4.10. Dot Blot Analysis

Specific proteins in the culture supernatants were detected by dot blot. Briefly, 70 µL of the cell culture supernatant was applied on a wet nitrocellulose membrane with the help of a dot blotter (Carl Roth). After blocking membranes with 5% BSA for 1 h, primary antibody incubation (Cathepsin K—CTSK—sc-48353 and osteocalcin—OC—sc-365797; both obtained from Santa Cruz Biotechnology, Heidelberg, GER) was performed at 4 °C overnight. After incubation with the corresponding peroxidase-labeled secondary antibodies (Santa Cruz Biotechnology, Heidelberg, GER) for 2 h, chemiluminescent signals were detected by a CCD camera (INTAS, Göttingen, GER) and quantified using the ImageJ software [17,18].

4.11. Alkaline Phosphatase (ALP) Activity

ALP activity was determined by conversion of p-nitrophenyl phosphate (pNPP) into p-nitrophenol (pNP). After removal of the medium, cells (± scaffold) were incubated with substrate solution (1 mg/mL pNPP, 50 mM glycine, 1 mM MgCl2, 100 mM TRIS; pH 10.5; 2D: 100 µL vs. 3D: 520 µL). Formed pNP was detected photometrically at λ = 405 nm using the Omega Plate Reader: in 2D cultures as a kinetic over 15 min at 37 °C, and in 3D cultures by transfer of 100 µL of the reaction solution to a fresh 96-well plate with endpoint measurement after 5 min of incubation at 37 °C [18].
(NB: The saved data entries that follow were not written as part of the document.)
(* Let $\mathbf{A}$ be a filtered quantization of $A$ and $S=S(\mathbf{A})$ the set of nondegenerate short star-products on $A$ corresponding to $\mathbf{A}$. Then there is a map $\pi:S\to\mathrm{Aut}(\mathbf{A})$ to the group of filtration-preserving $s$-invariant automorphisms of $\mathbf{A}$ (sending a star-product to its twisting automorphism $g$) whose fiber $\pi^{-1}(g)$ is a subset of the dual space $(HH_0(\mathbf{A},\mathbf{A}g)^s)^*$ of the $s$-invariants in $HH_0(\mathbf{A},\mathbf{A}g)$.
   Context: $A=\bigoplus_{d\ge0}A_d$ commutative graded, $A_0=\mathbb{C}$, $\dim A_d<\infty$, Poisson bracket of degree $-2$; $s=(-1)^d$. Filtered quantization: filtered algebra with $\mathrm{gr}\,\mathbf{A}\cong A$, filtration-preserving involution $s$ with associated graded $(-1)^d$. A star-product $a*b=\sum_kC_k(a,b)$ ($C_k$ of degree $-2k$, $C_0$ = product, $C_1(a,b)-C_1(b,a)=\{a,b\}$) corresponds to $\mathbf{A}$ if $(A,* )$ is identified with $\mathbf{A}$ via a quantization map ($s$-equivariant, filtration-preserving linear iso with $\mathrm{gr}=\mathrm{id}$). Short: $C_k(a,b)=0$ for $k>\min(\deg a,\deg b)$; nondegenerate: $\mathrm{CT}(a*b)$ nondegenerate on each $A_i$. For such a star-product the functional $T=\mathrm{CT}$ on $\mathbf{A}$ satisfies $T(\mathbf{a}\mathbf{b})=T(\mathbf{b}g(\mathbf{a}))$ for a unique filtration-preserving automorphism $g$ commuting with $s$ (the twisting automorphism). $\mathbf{A}g$ is $\mathbf{A}$ with right action twisted by $g$; $HH_0(\mathbf{A},\mathbf{A}g)=\mathbf{A}/\mathrm{span}\{\mathbf{a}\mathbf{b}-\mathbf{b}g(\mathbf{a})\}$. *)

theory Defs
  imports Complex_Main
begin

text \<open>
  The commutative graded Poisson algebra A is a commutative ring
  (type 'a) with a complex scalar multiplication scA; its grading is the family
  of subspaces Ad d (the homogeneous part A_d); pb is the Poisson bracket.
  The filtered quantization is a ring (type 'b) with complex scalar multiplication
  scB, filtration F d, involution s, and the identification gr = A is given by the
  symbol maps smb d : F_d -> A_d (linear, onto, kernel F_(d-1), multiplicative,
  turning commutators into the Poisson bracket).
\<close>

definition graded_poisson_alg ::
  "(complex \<Rightarrow> 'a::comm_ring_1 \<Rightarrow> 'a) \<Rightarrow> (nat \<Rightarrow> 'a set) \<Rightarrow> ('a \<Rightarrow> 'a \<Rightarrow> 'a) \<Rightarrow> bool" where
  "graded_poisson_alg scA Ad pb \<longleftrightarrow>
     vector_space scA \<and>
     (\<forall>c x y. scA c (x * y) = scA c x * y) \<and>
     (\<forall>d. module.subspace scA (Ad d)) \<and>
     (\<forall>d. \<exists>B. finite B \<and> B \<subseteq> Ad d \<and> module.span scA B = Ad d) \<and>
     (\<forall>x. \<exists>!f. finite {d. f d \<noteq> 0} \<and> (\<forall>d. f d \<in> Ad d) \<and> x = (\<Sum>d\<in>{d. f d \<noteq> 0}. f d)) \<and>
     (1::'a) \<noteq> 0 \<and>
     Ad 0 = range (\<lambda>c. scA c 1) \<and>
     (\<forall>d e x y. x \<in> Ad d \<longrightarrow> y \<in> Ad e \<longrightarrow> x * y \<in> Ad (d + e)) \<and>
     (\<forall>x y z. pb (x + y) z = pb x z + pb y z) \<and>
     (\<forall>c x y. pb (scA c x) y = scA c (pb x y)) \<and>
     (\<forall>x y. pb x y = - pb y x) \<and>
     (\<forall>x y z. pb x (y * z) = pb x y * z + y * pb x z) \<and>
     (\<forall>x y z. pb x (pb y z) = pb (pb x y) z + pb y (pb x z)) \<and>
     (\<forall>d e x y. x \<in> Ad d \<longrightarrow> y \<in> Ad e \<longrightarrow>
        pb x y \<in> (if 2 \<le> d + e then Ad (d + e - 2) else {0}))"

definition filtered_quantization ::
  "(complex \<Rightarrow> 'a::comm_ring_1 \<Rightarrow> 'a) \<Rightarrow> (nat \<Rightarrow> 'a set) \<Rightarrow> ('a \<Rightarrow> 'a \<Rightarrow> 'a) \<Rightarrow>
   (complex \<Rightarrow> 'b::ring_1 \<Rightarrow> 'b) \<Rightarrow> (nat \<Rightarrow> 'b set) \<Rightarrow> (nat \<Rightarrow> 'b \<Rightarrow> 'a) \<Rightarrow> ('b \<Rightarrow> 'b) \<Rightarrow> bool" where
  "filtered_quantization scA Ad pb scB F smb s \<longleftrightarrow>
     vector_space scB \<and>
     (\<forall>c x y. scB c (x * y) = scB c x * y \<and> scB c (x * y) = x * scB c y) \<and>
     (\<forall>d. module.subspace scB (F d)) \<and>
     (\<forall>d. F d \<subseteq> F (Suc d)) \<and> (\<Union>d. F d) = UNIV \<and> 1 \<in> F 0 \<and>
     (\<forall>d e x y. x \<in> F d \<longrightarrow> y \<in> F e \<longrightarrow> x * y \<in> F (d + e)) \<and>
     \<comment> \<open>gr of the quantization is identified with A\<close>
     (\<forall>d x y. x \<in> F d \<longrightarrow> y \<in> F d \<longrightarrow> smb d (x + y) = smb d x + smb d y) \<and>
     (\<forall>d c x. x \<in> F d \<longrightarrow> smb d (scB c x) = scA c (smb d x)) \<and>
     (\<forall>d. smb d ` F d = Ad d) \<and>
     (\<forall>d x. x \<in> F d \<longrightarrow> (smb d x = 0 \<longleftrightarrow> x \<in> (if d = 0 then {0} else F (d - 1)))) \<and>
     smb 0 1 = 1 \<and>
     (\<forall>d e x y. x \<in> F d \<longrightarrow> y \<in> F e \<longrightarrow> smb (d + e) (x * y) = smb d x * smb e y) \<and>
     (\<forall>d e x y. x \<in> F d \<longrightarrow> y \<in> F e \<longrightarrow>
        x * y - y * x \<in> (if 2 \<le> d + e then F (d + e - 2) else {0}) \<and>
        (2 \<le> d + e \<longrightarrow> smb (d + e - 2) (x * y - y * x) = pb (smb d x) (smb e y))) \<and>
     \<comment> \<open>the involution s\<close>
     (\<forall>x. s (s x) = x) \<and>
     (\<forall>x y. s (x + y) = s x + s y) \<and> (\<forall>c x. s (scB c x) = scB c (s x)) \<and>
     (\<forall>x y. s (x * y) = s x * s y) \<and> s 1 = 1 \<and>
     (\<forall>d x. x \<in> F d \<longrightarrow> s x \<in> F d \<and> smb d (s x) = scA ((-1) ^ d) (smb d x))"

definition quantization_map ::
  "(complex \<Rightarrow> 'a::comm_ring_1 \<Rightarrow> 'a) \<Rightarrow> (nat \<Rightarrow> 'a set) \<Rightarrow>
   (complex \<Rightarrow> 'b::ring_1 \<Rightarrow> 'b) \<Rightarrow> (nat \<Rightarrow> 'b set) \<Rightarrow> (nat \<Rightarrow> 'b \<Rightarrow> 'a) \<Rightarrow> ('b \<Rightarrow> 'b) \<Rightarrow>
   ('a \<Rightarrow> 'b) \<Rightarrow> bool" where
  "quantization_map scA Ad scB F smb s \<phi> \<longleftrightarrow>
     bij \<phi> \<and>
     (\<forall>x y. \<phi> (x + y) = \<phi> x + \<phi> y) \<and> (\<forall>c x. \<phi> (scA c x) = scB c (\<phi> x)) \<and>
     (\<forall>d a. a \<in> Ad d \<longrightarrow> \<phi> a \<in> F d \<and> smb d (\<phi> a) = a \<and> s (\<phi> a) = scB ((-1) ^ d) (\<phi> a))"

definition star_of :: "(nat \<Rightarrow> 'a \<Rightarrow> 'a \<Rightarrow> 'a::comm_ring_1) \<Rightarrow> 'a \<Rightarrow> 'a \<Rightarrow> 'a" where
  "star_of C a b = (\<Sum>k\<in>{k. C k a b \<noteq> 0}. C k a b)"

definition star_product ::
  "(complex \<Rightarrow> 'a::comm_ring_1 \<Rightarrow> 'a) \<Rightarrow> (nat \<Rightarrow> 'a set) \<Rightarrow> ('a \<Rightarrow> 'a \<Rightarrow> 'a) \<Rightarrow>
   (nat \<Rightarrow> 'a \<Rightarrow> 'a \<Rightarrow> 'a) \<Rightarrow> bool" where
  "star_product scA Ad pb C \<longleftrightarrow>
     (\<forall>k x y z. C k (x + y) z = C k x z + C k y z \<and> C k x (y + z) = C k x y + C k x z) \<and>
     (\<forall>k c x y. C k (scA c x) y = scA c (C k x y) \<and> C k x (scA c y) = scA c (C k x y)) \<and>
     (\<forall>k d e a b. a \<in> Ad d \<longrightarrow> b \<in> Ad e \<longrightarrow>
        C k a b \<in> (if 2 * k \<le> d + e then Ad (d + e - 2 * k) else {0})) \<and>
     (\<forall>a b. C 0 a b = a * b) \<and>
     (\<forall>a b. C 1 a b - C 1 b a = pb a b)"

definition corresponds_to ::
  "(complex \<Rightarrow> 'a::comm_ring_1 \<Rightarrow> 'a) \<Rightarrow> (nat \<Rightarrow> 'a set) \<Rightarrow>
   (complex \<Rightarrow> 'b::ring_1 \<Rightarrow> 'b) \<Rightarrow> (nat \<Rightarrow> 'b set) \<Rightarrow> (nat \<Rightarrow> 'b \<Rightarrow> 'a) \<Rightarrow> ('b \<Rightarrow> 'b) \<Rightarrow>
   (nat \<Rightarrow> 'a \<Rightarrow> 'a \<Rightarrow> 'a) \<Rightarrow> ('a \<Rightarrow> 'b) \<Rightarrow> bool" where
  "corresponds_to scA Ad scB F smb s C \<phi> \<longleftrightarrow>
     quantization_map scA Ad scB F smb s \<phi> \<and> (\<forall>a b. \<phi> (star_of C a b) = \<phi> a * \<phi> b)"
4.12. Tartrate-Resistant Acid Phosphatase (TRAP) Activity

TRAP activity was detected in the culture supernatant by conversion of pNPP into pNP in an acidic environment and in presence of tartrate. Briefly, 30 µL culture supernatant were mixed with 90 µL reaction solution (100 mM sodium acetate, 50 mM di-sodium tartrate, 5 mM pNPP, pH 5.5). After 6 h incubation at 37 °C the reaction was stopped by adding 90 µL 1 M NaOH. Formed pNP was detected photometrically at λ = 405 nm using the Omega Plate Reader.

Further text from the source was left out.